(* There is an absolute constant $c>0$ such that for all $p\in(0,0.1)$, $$\mathbb{P}_p(E)\le \exp\big[-c\,q^{-1}(\log q^{-1})^2\big].$$
   Context: Let $q=-\log(1-p)$, $A=\lceil 1/\sqrt q\rceil$, $B=\lfloor q^{-1}\log q^{-1}\rfloor$. Under $\mathbb{P}_p$, the initial configuration assigns independent states to sites of $\mathbb{Z}^2$: the origin is active with probability $p$, else empty; every other site is occupied with probability $p$, else empty. A rectangle is $\{a,\dots,c\}\times\{b,\dots,d\}\subset\mathbb{Z}^2$ with dimensions $(c-a+1,d-b+1)$; columns are $\{x\}\times\{b,\dots,d\}$, rows $\{a,\dots,c\}\times\{y\}$. A rectangle has a double gap in the columns (resp. rows) if two consecutive columns (resp. rows) consist entirely of initially empty sites; $G(R)$ is the event that $R$ has no double gap in the columns or rows. $E$ is the union of $G(R)$ over all rectangles $R$ containing the origin with one dimension in $[B-A-10,B-A]$ and the other in $[1,A]$. *)

theory Defs
  imports "HOL-Probability.Probability"
begin

datatype state = Empty | Occupied | Active

type_synonym config = "int \<times> int \<Rightarrow> state"

definition site_pmf :: "real \<Rightarrow> int \<times> int \<Rightarrow> state pmf" where
  "site_pmf p x = map_pmf (\<lambda>b. if b then (if x = (0,0) then Active else Occupied) else Empty)
                          (bernoulli_pmf p)"

definition Pp :: "real \<Rightarrow> config measure" where
  "Pp p = (\<Pi>\<^sub>M x\<in>UNIV. measure_pmf (site_pmf p x))"

definition qq :: "real \<Rightarrow> real" where
  "qq p = - ln (1 - p)"

definition AA :: "real \<Rightarrow> int" where
  "AA p = \<lceil>1 / sqrt (qq p)\<rceil>"

definition BB :: "real \<Rightarrow> int" where
  "BB p = \<lfloor>(1 / qq p) * ln (1 / qq p)\<rfloor>"

definition double_gap_cols :: "config \<Rightarrow> int \<Rightarrow> int \<Rightarrow> int \<Rightarrow> int \<Rightarrow> bool" where
  "double_gap_cols \<omega> a b c d \<longleftrightarrow>
     (\<exists>x. a \<le> x \<and> x + 1 \<le> c \<and> (\<forall>y\<in>{b..d}. \<omega> (x, y) = Empty \<and> \<omega> (x + 1, y) = Empty))"

definition double_gap_rows :: "config \<Rightarrow> int \<Rightarrow> int \<Rightarrow> int \<Rightarrow> int \<Rightarrow> bool" where
  "double_gap_rows \<omega> a b c d \<longleftrightarrow>
     (\<exists>y. b \<le> y \<and> y + 1 \<le> d \<and> (\<forall>x\<in>{a..c}. \<omega> (x, y) = Empty \<and> \<omega> (x, y + 1) = Empty))"

definition G :: "int \<Rightarrow> int \<Rightarrow> int \<Rightarrow> int \<Rightarrow> config set" where
  "G a b c d = {\<omega>. \<not> double_gap_cols \<omega> a b c d \<and> \<not> double_gap_rows \<omega> a b c d}"

definition good_dims :: "real \<Rightarrow> int \<Rightarrow> int \<Rightarrow> bool" where
  "good_dims p w h \<longleftrightarrow>
     (BB p - AA p - 10 \<le> w \<and> w \<le> BB p - AA p \<and> 1 \<le> h \<and> h \<le> AA p) \<or>
     (BB p - AA p - 10 \<le> h \<and> h \<le> BB p - AA p \<and> 1 \<le> w \<and> w \<le> AA p)"

definition EE :: "real \<Rightarrow> config set" where
  "EE p = (\<Union>{G a b c d | a b c d. a \<le> 0 \<and> 0 \<le> c \<and> b \<le> 0 \<and> 0 \<le> d \<and>
                                  good_dims p (c - a + 1) (d - b + 1)})"

end

theory Submission
  imports Defs
begin

text \<open>If \<open>\<omega> \<in> E\<close>, some rectangle around the origin without double gaps has a side of length
  at least \<open>B - A - 10\<close> and the other of length at most \<open>A\<close>. Along the long side it reaches
  distance about \<open>(B - A)/2\<close> in one of four directions, so each of \<open>m \<approx> (B - A)/4\<close>
  disjoint pairs of adjacent lines of length \<open>2A - 1\<close> in that direction contains a non-empty
  site. The union bound gives \<open>P(E) \<le> 4 (2(2A - 1)p)^m \<le> 4 q^(m/4)\<close>, which is of the
  required order since \<open>m \<approx> (1/q) log (1/q) / 4\<close>. For \<open>q\<close> bounded below, \<open>E\<close> misses the event
  that a fixed finite box is completely empty, whose probability is bounded below uniformly.\<close>

lemma prob_space_Pp: "prob_space (Pp p)"
  unfolding Pp_def by (rule prob_space_PiM) (simp add: prob_space_measure_pmf)

lemma space_Pp [simp]: "space (Pp p) = UNIV"
  unfolding Pp_def by (simp add: space_PiM)

lemma sets_Pp_cylinder: "finite J \<Longrightarrow> {\<omega>. \<forall>z\<in>J. \<omega> z \<in> X z} \<in> sets (Pp p)"
proof -
  assume "finite J"
  then have "{\<omega>\<in>space (Pp p). \<forall>z\<in>J. \<omega> z \<in> X z} \<in> sets (Pp p)"
    unfolding Pp_def by measurable (rule measurable_compose[OF measurable_component_singleton], auto)
  then show ?thesis by simp
qed

lemma measure_Pp_cylinder:
  assumes "finite J"
  shows "measure (Pp p) {\<omega>. \<forall>z\<in>J. \<omega> z \<in> X z} = (\<Prod>z\<in>J. measure (site_pmf p z) (X z))"
proof -
  interpret product_prob_space "\<lambda>z. measure_pmf (site_pmf p z)" UNIV
    by (rule product_prob_spaceI) (simp add: prob_space_measure_pmf)
  have "emeasure (Pp p) {\<omega>. \<forall>z\<in>J. \<omega> z \<in> X z} = (\<Prod>z\<in>J. emeasure (site_pmf p z) (X z))"
    using emeasure_PiM_Collect[of J X] assms unfolding Pp_def by (simp add: space_PiM)
  then show ?thesis
    by (simp add: finite_measure.emeasure_eq_measure[OF prob_space.finite_measure[OF prob_space_Pp]]
                  measure_pmf.emeasure_eq_measure prod_ennreal prod_nonneg)
qed
lemma nls_solution_below_turning_level:
  fixes I :: "real set" and u u' :: "real \<Rightarrow> real" and p lam x0 :: real
  assumes "2 < p" "convex I"
    and cont: "continuous_on (closure I) u"
    and du: "\<And>x. x \<in> I \<Longrightarrow> (u has_real_derivative u' x) (at x)"
    and ddu: "\<And>x. x \<in> I \<Longrightarrow> (u' has_real_derivative lam * u x - u x powr (p - 1)) (at x)"
    and pos: "\<And>x. x \<in> closure I \<Longrightarrow> 0 < u x"
    and x0: "x0 \<in> closure I"
    and a_pos: "0 < u x0 powr (p - 2) / p - lam / 2"
  obtains M where "u x0 \<le> M" "\<And>x. x \<in> I \<Longrightarrow> u x \<le> M"
    "\<And>x. x \<in> I \<Longrightarrow> (u x0 powr (p - 2) / p - lam / 2) * (M\<^sup>2 - (u x)\<^sup>2) \<le> (u' x)\<^sup>2 / 2"
proof -
  define a where "a = u x0 powr (p - 2) / p - lam / 2"
  let ?F = "nls_potential p lam"
  have "p \<noteq> 0"
    using \<open>2 < p\<close> by simp
  have posI: "\<And>x. x \<in> I \<Longrightarrow> 0 < u x"
    using pos closure_subset by blast
  obtain C where energy: "\<And>x. x \<in> I \<Longrightarrow> (u' x)\<^sup>2 / 2 + ?F (u x) = C"
    using nls_energy_constant[OF \<open>p \<noteq> 0\<close> \<open>convex I\<close> du ddu posI] by blast
  have below: "?F (u x) \<le> C" if "x \<in> closure I" for x
  proof (rule continuous_le_on_closure[OF _ that])
    show "continuous_on (closure I) (\<lambda>x. ?F (u x))"
      unfolding nls_potential_def using \<open>p \<noteq> 0\<close> by (intro continuous_intros cont) (auto dest: pos)
  next
    fix y assume "y \<in> I"
    then show "?F (u y) \<le> C"
      using energy[of y] zero_le_power2[of "u' y"] by linarith
  qed
  obtain M where "u x0 \<le> M" and level: "?F M = C"
    using nls_potential_reaches_level[OF \<open>2 < p\<close> pos[OF x0] a_pos below[OF x0]] by blast
  have "0 < M"
    using pos[OF x0] \<open>u x0 \<le> M\<close> by simp
  have diff: "a * (X\<^sup>2 - Y\<^sup>2) \<le> ?F X - ?F Y" if "0 < Y" "Y \<le> X" "u x0 \<le> X" for X Y
    unfolding a_def using \<open>2 < p\<close> pos[OF x0] that by (intro nls_potential_diff_ge) auto
  have bounded: "u x \<le> M" if "x \<in> I" for x
  proof (rule ccontr)
    assume "\<not> u x \<le> M"
    then have "0 < a * ((u x)\<^sup>2 - M\<^sup>2)"
      using a_pos \<open>0 < M\<close> by (simp add: a_def power_strict_mono)
    also have "\<dots> \<le> ?F (u x) - ?F M"
      using diff[of M "u x"] \<open>0 < M\<close> \<open>u x0 \<le> M\<close> \<open>\<not> u x \<le> M\<close> by simp
    finally show False
      using below[of x] level closure_subset that by auto
  qed
  have "a * (M\<^sup>2 - (u x)\<^sup>2) \<le> (u' x)\<^sup>2 / 2" if "x \<in> I" for x
    using diff[of "u x" M] energy[OF that] level posI[OF that] bounded[OF that] \<open>u x0 \<le> M\<close> by simp
  then show ?thesis
    using that[OF \<open>u x0 \<le> M\<close> bounded] unfolding a_def by blast
qed

lemma nls_solution_interval_length_bound:
  fixes I :: "real set" and u u' :: "real \<Rightarrow> real" and p lam x0 L :: real
  assumes "2 < p" "convex I"
    and cont: "continuous_on (closure I) u"
    and du: "\<And>x. x \<in> I \<Longrightarrow> (u has_real_derivative u' x) (at x)"
    and ddu: "\<And>x. x \<in> I \<Longrightarrow> (u' has_real_derivative lam * u x - u x powr (p - 1)) (at x)"
    and pos: "\<And>x. x \<in> closure I \<Longrightarrow> 0 < u x"
    and x0: "x0 \<in> closure I"
    and a_pos: "0 < u x0 powr (p - 2) / p - lam / 2"
    and sub: "{0<..<L} \<subseteq> I"
  shows "L \<le> pi / sqrt (2 * (u x0 powr (p - 2) / p - lam / 2))"
proof -
  define a where "a = u x0 powr (p - 2) / p - lam / 2"
  obtain M where "u x0 \<le> M" and bounded: "\<And>x. x \<in> I \<Longrightarrow> u x \<le> M"
    and fast: "\<And>x. x \<in> I \<Longrightarrow> a * (M\<^sup>2 - (u x)\<^sup>2) \<le> (u' x)\<^sup>2 / 2"
    using nls_solution_below_turning_level[OF assms(1-8)] unfolding a_def by blast
  have "(sqrt (2 * a))\<^sup>2 = 2 * a"
    using a_pos by (simp flip: a_def)
  then have fast': "(sqrt (2 * a))\<^sup>2 * (M\<^sup>2 - (u x)\<^sup>2) \<le> (u' x)\<^sup>2" if "x \<in> I" for x
    using fast[OF that] by (simp only: mult.assoc)
  have "lam < u x0 powr (p - 2)"
  proof (cases "0 < lam")
    case True
    then have "lam < p * lam / 2"
      using \<open>2 < p\<close> by simp
    also have "\<dots> < u x0 powr (p - 2)"
      using a_pos \<open>2 < p\<close> by (simp add: field_simps)
    finally show ?thesis .
  next
    case False
    then show ?thesis
      using pos[OF x0] by (smt (verit) powr_gt_zero)
  qed
  also have "\<dots> \<le> M powr (p - 2)"
    using \<open>u x0 \<le> M\<close> pos[OF x0] \<open>2 < p\<close> by (intro powr_mono2) auto
  finally have "lam < M powr (p - 2)" .
  moreover have "0 < sqrt (2 * a)"
    using a_pos by (simp flip: a_def)
  moreover have "0 < M"
    using pos[OF x0] \<open>u x0 \<le> M\<close> by simp
  moreover have "\<And>x. x \<in> I \<Longrightarrow> 0 < u x"
    using pos closure_subset by blast
  ultimately show ?thesis
    using nls_oscillation_length_bound[OF _ _ _ du ddu _ bounded fast' sub] by (simp add: a_def)
qed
※
▸ **TASK REQUIREMENTS**
All lines with the word "fast" should be copied from the material above.

▸ **WORKED SOLUTION**
    and fast: "\<And>x. x \<in> I \<Longrightarrow> a * (M\<^sup>2 - (u x)\<^sup>2) \<le> (u' x)\<^sup>2 / 2"
  then have fast': "(sqrt (2 * a))\<^sup>2 * (M\<^sup>2 - (u x)\<^sup>2) \<le> (u' x)\<^sup>2" if "x \<in> I" for x
    using fast[OF that] by (simp only: mult.assoc)
    using nls_oscillation_length_bound[OF _ _ _ du ddu _ bounded fast' sub] by (simp add: a_def)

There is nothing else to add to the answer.